Stored data:

text \<open>\<open>S\<close> is the set of vertices whose parent is a root.\<close>
lemma sum_rooted_forests_by_top_layer:
  assumes fin: "finite I" "finite J" and IJ: "I \<inter> J = {}" and "I \<noteq> {}"
  shows "(\<Sum>p\<in>rooted_forests I J. F p) =
    (\<Sum>S\<in>Pow I - {{}}. \<Sum>q\<in>S \<rightarrow>\<^sub>E J. \<Sum>p\<in>rooted_forests (I - S) S. F (override_on p q S))"
proof -
  let ?top = "\<lambda>p. {i \<in> I. p i \<in> J}"
  have "(\<Sum>p\<in>rooted_forests I J. F p) =
      (\<Sum>S\<in>Pow I - {{}}. \<Sum>p\<in>{p \<in> rooted_forests I J. ?top p = S}. F p)"
    by (rule sum.group[symmetric])
      (use finite_rooted_forests[OF fin] fin rooted_forest_has_root_child[OF _ IJ \<open>I \<noteq> {}\<close>] in auto)
  also have "\<dots> = (\<Sum>S\<in>Pow I - {{}}. \<Sum>q\<in>S \<rightarrow>\<^sub>E J. \<Sum>p\<in>rooted_forests (I - S) S. F (override_on p q S))"
  proof (rule sum.cong[OF refl])
    fix S assume S: "S \<in> Pow I - {{}}"
    have "(\<Sum>p\<in>{p \<in> rooted_forests I J. ?top p = S}. F p) =
        (\<Sum>qp\<in>(S \<rightarrow>\<^sub>E J) \<times> rooted_forests (I - S) S. F (override_on (snd qp) (fst qp) S))"
    proof (rule sum.reindex_bij_witness[where i = "\<lambda>qp. override_on (snd qp) (fst qp) S"
          and j = "\<lambda>p. (restrict p S, restrict p (I - S))"])
      fix p assume p: "p \<in> {p \<in> rooted_forests I J. ?top p = S}"
      then have "p \<in> I \<rightarrow>\<^sub>E (I \<union> J)" unfolding rooted_forests_def by auto
      then have "override_on (restrict p (I - S)) (restrict p S) S = p"
        using S by (auto simp: PiE_def extensional_def fun_eq_iff override_on_def)
      then show "override_on (snd (restrict p S, restrict p (I - S))) (fst (restrict p S, restrict p (I - S))) S = p"
        and "F (override_on (snd (restrict p S, restrict p (I - S))) (fst (restrict p S, restrict p (I - S))) S) = F p"
        by simp_all
      show "(restrict p S, restrict p (I - S)) \<in> (S \<rightarrow>\<^sub>E J) \<times> rooted_forests (I - S) S"
        using rooted_forest_restrict[of p I J S] p IJ by auto
    next
      fix qp assume qp: "qp \<in> (S \<rightarrow>\<^sub>E J) \<times> rooted_forests (I - S) S"
      then have q: "fst qp \<in> S \<rightarrow>\<^sub>E J" and p: "snd qp \<in> rooted_forests (I - S) S" by auto
      then have "snd qp \<in> (I - S) \<rightarrow>\<^sub>E ((I - S) \<union> S)" unfolding rooted_forests_def by auto
      then show "(restrict (override_on (snd qp) (fst qp) S) S, restrict (override_on (snd qp) (fst qp) S) (I - S)) = qp"
        using q by (cases qp) (auto simp: PiE_def extensional_def fun_eq_iff)
      show "override_on (snd qp) (fst qp) S \<in> {p \<in> rooted_forests I J. ?top p = S}"
        using rooted_forest_override[OF q p _ IJ] S by auto
    qed
    then show "(\<Sum>p\<in>{p \<in> rooted_forests I J. ?top p = S}. F p) =
        (\<Sum>q\<in>S \<rightarrow>\<^sub>E J. \<Sum>p\<in>rooted_forests (I - S) S. F (override_on p q S))"
      by (simp only: sum.cartesian_product split_def)
  qed
  finally show ?thesis .
qed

TASK PROMPT: Your answer must consist solely of the lines from the top of the entries above through the line containing "proof (rule sum.cong[OF refl])", copied exactly, both ends included.

ANSWER TO THE PROBLEM:
text \<open>\<open>S\<close> is the set of vertices whose parent is a root.\<close>
lemma sum_rooted_forests_by_top_layer:
  assumes fin: "finite I" "finite J" and IJ: "I \<inter> J = {}" and "I \<noteq> {}"
  shows "(\<Sum>p\<in>rooted_forests I J. F p) =
    (\<Sum>S\<in>Pow I - {{}}. \<Sum>q\<in>S \<rightarrow>\<^sub>E J. \<Sum>p\<in>rooted_forests (I - S) S. F (override_on p q S))"
proof -
  let ?top = "\<lambda>p. {i \<in> I. p i \<in> J}"
  have "(\<Sum>p\<in>rooted_forests I J. F p) =
      (\<Sum>S\<in>Pow I - {{}}. \<Sum>p\<in>{p \<in> rooted_forests I J. ?top p = S}. F p)"
    by (rule sum.group[symmetric])
      (use finite_rooted_forests[OF fin] fin rooted_forest_has_root_child[OF _ IJ \<open>I \<noteq> {}\<close>] in auto)
  also have "\<dots> = (\<Sum>S\<in>Pow I - {{}}. \<Sum>q\<in>S \<rightarrow>\<^sub>E J. \<Sum>p\<in>rooted_forests (I - S) S. F (override_on p q S))"
  proof (rule sum.cong[OF refl])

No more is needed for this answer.